冬の寒い時期でも、暖かい部屋でアイスクリームを楽しむ人が増えています。
一見すると、牛乳をたっぷり使用していて健康に良さそうに見えるアイスクリームですが、特にラクトアイスについては気を付ける必要があります。
ところで、「ラクトアイスって何?」と思う方も多いでしょう。
アイスクリームを食べようと成分表示を確認すると、商品の名称が異なることに気付くかもしれません。
それぞれの違いが気になるところです。
目次
そこで今回は
・ラクトアイスとは何か?
・他にはどんな種類があるのか?
・ラクトアイスは体に悪いのか?
これらの点について調べてみました。
アイスクリームの種類についても詳しく調べましたので、今後アイスを選ぶ際の参考になるかもしれません。
最後までお読みください。
ラクトアイスとは
アイスクリームは乳固形分と乳脂肪分の含有量によって分類されます。
その中でラクトアイスとは、乳固形分が3.0%以上含まれているものを指し、乳脂肪分についての明確な規定はありません。

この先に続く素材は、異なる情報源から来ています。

definition in_cube :: "nat \<Rightarrow> (nat \<Rightarrow> bool) \<Rightarrow> bool" where
  "in_cube L z \<longleftrightarrow> (\<forall>l\<ge>L. \<not> z l)"

definition cexp_ev :: "'a measure \<Rightarrow> ('a \<Rightarrow> real) \<Rightarrow> 'a set \<Rightarrow> real" where
  "cexp_ev M X A = (\<integral>\<omega>. indicator A \<omega> * X \<omega> \<partial>M) / measure M A"

definition covar :: "'a measure \<Rightarrow> ('a \<Rightarrow> real) \<Rightarrow> ('a \<Rightarrow> real) \<Rightarrow> real" where
  "covar M X X' = (\<integral>\<omega>. X \<omega> * X' \<omega> \<partial>M) - (\<integral>\<omega>. X \<omega> \<partial>M) * (\<integral>\<omega>. X' \<omega> \<partial>M)"

definition pos_def_on :: "nat \<Rightarrow> (nat \<Rightarrow> nat \<Rightarrow> real) \<Rightarrow> bool" where
  "pos_def_on L A \<longleftrightarrow> (\<forall>j<L. \<forall>k<L. A j k = A k j) \<and>
     (\<forall>x::nat \<Rightarrow> real. (\<exists>l<L. x l \<noteq> 0) \<longrightarrow> (\<Sum>j<L. \<Sum>k<L. x j * A j k * x k) > 0)"

definition p_inst :: "'a measure \<Rightarrow> ('a \<Rightarrow> nat \<Rightarrow> bool) \<Rightarrow> nat \<Rightarrow> real" where
  "p_inst M Z l = measure M {\<omega> \<in> space M. Z \<omega> l}"

text \<open>E[X | Z_l = 1] - E[X | Z_l = 0]  (this gives pi_l for X = D and rho_l for X = Y).\<close>
definition diff_inst :: "'a measure \<Rightarrow> ('a \<Rightarrow> nat \<Rightarrow> bool) \<Rightarrow> ('a \<Rightarrow> real) \<Rightarrow> nat \<Rightarrow> real" where
  "diff_inst M Z X l = cexp_ev M X {\<omega> \<in> space M. Z \<omega> l} - cexp_ev M X {\<omega> \<in> space M. \<not> Z \<omega> l}"

definition wald :: "'a measure \<Rightarrow> ('a \<Rightarrow> nat \<Rightarrow> bool) \<Rightarrow> ('a \<Rightarrow> real) \<Rightarrow> ('a \<Rightarrow> real) \<Rightarrow> nat \<Rightarrow> real" where
  "wald M Z Y D l = diff_inst M Z Y l / diff_inst M Z D l"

このため、ラクトアイスの多くは牛乳の代わりに植物性油脂が使われています。
なお、「ラクト」はラテン語で「乳」を意味する「lac(lacto)」に由来しています。
ラクトアイスの特徴について
ラクトアイスの特性を以下にまとめました。
手頃な価格
ラクトアイスは乳脂肪分を使用していないため、他の種類のアイスクリームに比べて安価に提供されることが多いです。
多様なバリエーション
ラクトアイスは乳固形分や乳脂肪分の代わりにさまざまな成分を使用できるため、幅広いジャンルのアイスクリームを作ることが可能です。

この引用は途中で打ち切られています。